Description of the task: Count, please, the lines in the listing below that contain "ultimately", and reply with the count only.

Exercise input:
(* For $0<x<\frac12$, $$\prod_{k=0}^{\infty}\left(1+x^{2^k}+(2x)^{2^k}\right)=\sum_{n=0}^{\infty}c(n)x^n .$$
   Context: For $n\ge 0$, $c(n)=\sum_{i=0}^{n}\left(\binom{n}{i}\bmod 2\right)2^{i}$, the integer whose binary digits form the $n$-th row of Pascal's triangle modulo $2$ (so $c(0),c(1),\dots=1,3,5,15,17,51,\dots$). *)

theory Defs
  imports "HOL-Analysis.Analysis"
begin

definition c :: "nat \<Rightarrow> nat" where
  "c n = (\<Sum>i = 0..n. ((n choose i) mod 2) * 2 ^ i)"

end

theory Submission
  imports Defs
begin

text \<open>Parity of binomial coefficients (Lucas' theorem for p = 2) gives the recursions
  P(2m, y) = P(m, y^2) and P(2m+1, y) = (1 + y) P(m, y^2) for the generating polynomial P(n, y)
  of row n of Pascal's triangle mod 2. Splitting sum_n P(n, y) x^n by the parity of n therefore
  turns the partial sum up to 2^K into the partial product of (1 + x^(2^k) + (yx)^(2^k)), k < K.
  As c(n) = P(n, 2) < 2^(n+1), the series converges for 0 < x < 1/2, and its partial sums along
  n = 2^K are the partial products.\<close>

lemma even_binomial_double:
  "even (2 * m choose Suc (2 * j)) \<and> (even (2 * m choose (2 * j)) \<longleftrightarrow> even (m choose j))"
proof (induction m arbitrary: j)
  case 0
  then show ?case by (cases j) auto
next
  case (Suc m)
  show ?case
  proof (cases j)
    case 0
    then show ?thesis by simp
  next
    case (Suc i)
    have "(2 * Suc m choose Suc (2 * j))
        = (2 * m choose Suc (2 * i)) + 2 * (2 * m choose (2 * j)) + (2 * m choose Suc (2 * j))"
      "(2 * Suc m choose (2 * j))
        = (2 * m choose (2 * i)) + 2 * (2 * m choose Suc (2 * i)) + (2 * m choose (2 * j))"
      using Suc by simp_all
    then show ?thesis
      using Suc.IH[of i] Suc.IH[of j] Suc by simp
  qed
qed

lemma even_binomial_Suc_double:
  "(even (Suc (2 * m) choose (2 * j)) \<longleftrightarrow> even (m choose j))
   \<and> (even (Suc (2 * m) choose Suc (2 * j)) \<longleftrightarrow> even (m choose j))"
  using even_binomial_double[of m j] even_binomial_double[of m "j - 1"]
  by (cases j) simp_all

definition pascal_mod_2_poly :: "nat \<Rightarrow> 'a::comm_semiring_1 \<Rightarrow> 'a" where
  "pascal_mod_2_poly n y = (\<Sum>i\<le>n. of_nat ((n choose i) mod 2) * y ^ i)"

lemma pascal_mod_2_poly_eq_sum_lessThan:
  assumes "n < N"
  shows "pascal_mod_2_poly n y = (\<Sum>i<N. of_nat ((n choose i) mod 2) * y ^ i)"
  unfolding pascal_mod_2_poly_def
  by (rule sum.mono_neutral_left) (use assms in \<open>auto simp: binomial_eq_0\<close>)

lemma sum_lessThan_double:
  fixes f :: "nat \<Rightarrow> 'a::comm_monoid_add"
  shows "(\<Sum>i<2 * n. f i) = (\<Sum>j<n. f (2 * j) + f (Suc (2 * j)))"
  by (induction n) (simp_all add: ac_simps)

lemma pascal_mod_2_poly_double:
  "pascal_mod_2_poly (2 * m) y = pascal_mod_2_poly m (y\<^sup>2)"
proof -
  have "pascal_mod_2_poly (2 * m) y = (\<Sum>i<2 * Suc m. of_nat ((2 * m choose i) mod 2) * y ^ i)"
    by (rule pascal_mod_2_poly_eq_sum_lessThan) simp
  also have "\<dots> = (\<Sum>j<Suc m. of_nat ((m choose j) mod 2) * (y\<^sup>2) ^ j)"
    unfolding sum_lessThan_double by (simp add: mod_2_eq_odd even_binomial_double power_mult)
  finally show ?thesis
    by (simp add: pascal_mod_2_poly_def lessThan_Suc_atMost)
qed

lemma pascal_mod_2_poly_Suc_double:
  "pascal_mod_2_poly (Suc (2 * m)) y = (1 + y) * pascal_mod_2_poly m (y\<^sup>2)"
proof -
  have "pascal_mod_2_poly (Suc (2 * m)) y
      = (\<Sum>i<2 * Suc m. of_nat ((Suc (2 * m) choose i) mod 2) * y ^ i)"
    by (rule pascal_mod_2_poly_eq_sum_lessThan) simp
  also have "\<dots> = (\<Sum>j<Suc m. (1 + y) * (of_nat ((m choose j) mod 2) * (y\<^sup>2) ^ j))"
    unfolding sum_lessThan_double
    by (simp only: mod_2_eq_odd even_binomial_Suc_double) (simp add: power_mult[symmetric] algebra_simps)
  also have "\<dots> = (1 + y) * pascal_mod_2_poly m (y\<^sup>2)"
    by (simp add: pascal_mod_2_poly_def sum_distrib_left lessThan_Suc_atMost)
  finally show ?thesis .
qed

lemma sum_pascal_mod_2_poly_power_of_2:
  fixes x y :: "'a::comm_semiring_1"
  shows "(\<Sum>n<2 ^ K. pascal_mod_2_poly n y * x ^ n) = (\<Prod>k<K. 1 + x ^ 2 ^ k + (y * x) ^ 2 ^ k)"
proof (induction K arbitrary: x y)
  case 0
  then show ?case by (simp add: pascal_mod_2_poly_def)
next
  case (Suc K)
  have "(\<Sum>n<2 ^ Suc K. pascal_mod_2_poly n y * x ^ n)
      = (\<Sum>m<2 ^ K. (1 + x + y * x) * (pascal_mod_2_poly m (y\<^sup>2) * (x\<^sup>2) ^ m))"
    unfolding power_Suc sum_lessThan_double pascal_mod_2_poly_double pascal_mod_2_poly_Suc_double
    by (simp add: power_mult[symmetric] algebra_simps)
  also have "\<dots> = (1 + x + y * x) * (\<Prod>k<K. 1 + (x\<^sup>2) ^ 2 ^ k + (y\<^sup>2 * x\<^sup>2) ^ 2 ^ k)"
    by (simp add: sum_distrib_left[symmetric] Suc.IH)
  also have "\<dots> = (\<Prod>k<Suc K. 1 + x ^ 2 ^ k + (y * x) ^ 2 ^ k)"
    unfolding prod.lessThan_Suc_shift
    by (simp add: power_mult[symmetric] power_mult_distrib[symmetric] mult.commute)
  finally show ?case .
qed
lemma c_eq_pascal_mod_2_poly: "of_nat (c n) = pascal_mod_2_poly n (2::'a::comm_semiring_1)"
  by (simp add: c_def pascal_mod_2_poly_def atLeast0AtMost)

lemma c_less: "c n < 2 ^ Suc n"
proof -
  have "c n \<le> (\<Sum>i<Suc n. 2 ^ i)"
    unfolding c_def atLeast0AtMost lessThan_Suc_atMost[symmetric] by (rule sum_mono) simp
  also have "\<dots> < 2 ^ Suc n"
    by (induction n) simp_all
  finally show ?thesis .
qed

theorem corollary1:
  fixes x :: real
  assumes "0 < x" and "x < 1/2"
  shows "summable (\<lambda>n. real (c n) * x ^ n)
     \<and> (\<lambda>k. 1 + x ^ (2 ^ k) + (2 * x) ^ (2 ^ k)) has_prod (\<Sum>n. real (c n) * x ^ n)"
proof -
  let ?a = "\<lambda>n. real (c n) * x ^ n"
  have "summable (\<lambda>n. 2 * (2 * x) ^ n)"
    using assms by (intro summable_mult summable_geometric) simp
  moreover have "norm (?a n) \<le> 2 * (2 * x) ^ n" for n
    using c_less[of n] assms
    by (simp add: power_mult_distrib mult_right_mono flip: of_nat_less_iff[where 'a=real])
  ultimately have summable: "summable ?a"
    by (rule summable_comparison_test')
  have "(\<lambda>K. \<Sum>n<2 ^ Suc K. ?a n) \<longlonglongrightarrow> (\<Sum>n. ?a n)"
    using LIMSEQ_subseq_LIMSEQ[OF summable_LIMSEQ[OF summable], of "\<lambda>K. 2 ^ Suc K"]
    by (simp add: strict_mono_def o_def)
  moreover have "(\<Sum>n<2 ^ Suc K. ?a n) = (\<Prod>k\<le>K. 1 + x ^ 2 ^ k + (2 * x) ^ 2 ^ k)" for K
    using sum_pascal_mod_2_poly_power_of_2[where K = "Suc K" and y = 2 and x = x]
    by (simp add: c_eq_pascal_mod_2_poly lessThan_Suc_atMost)
  moreover have "(\<Sum>n<1. ?a n) \<le> (\<Sum>n. ?a n)"
    by (rule sum_le_suminf[OF summable]) (use assms in auto)
  then have "(\<Sum>n. ?a n) \<noteq> 0"
    by (simp add: c_def)
  ultimately show ?thesis
    using summable by (auto simp: has_prod_def raw_has_prod_def)
qed

end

Problem solution: 2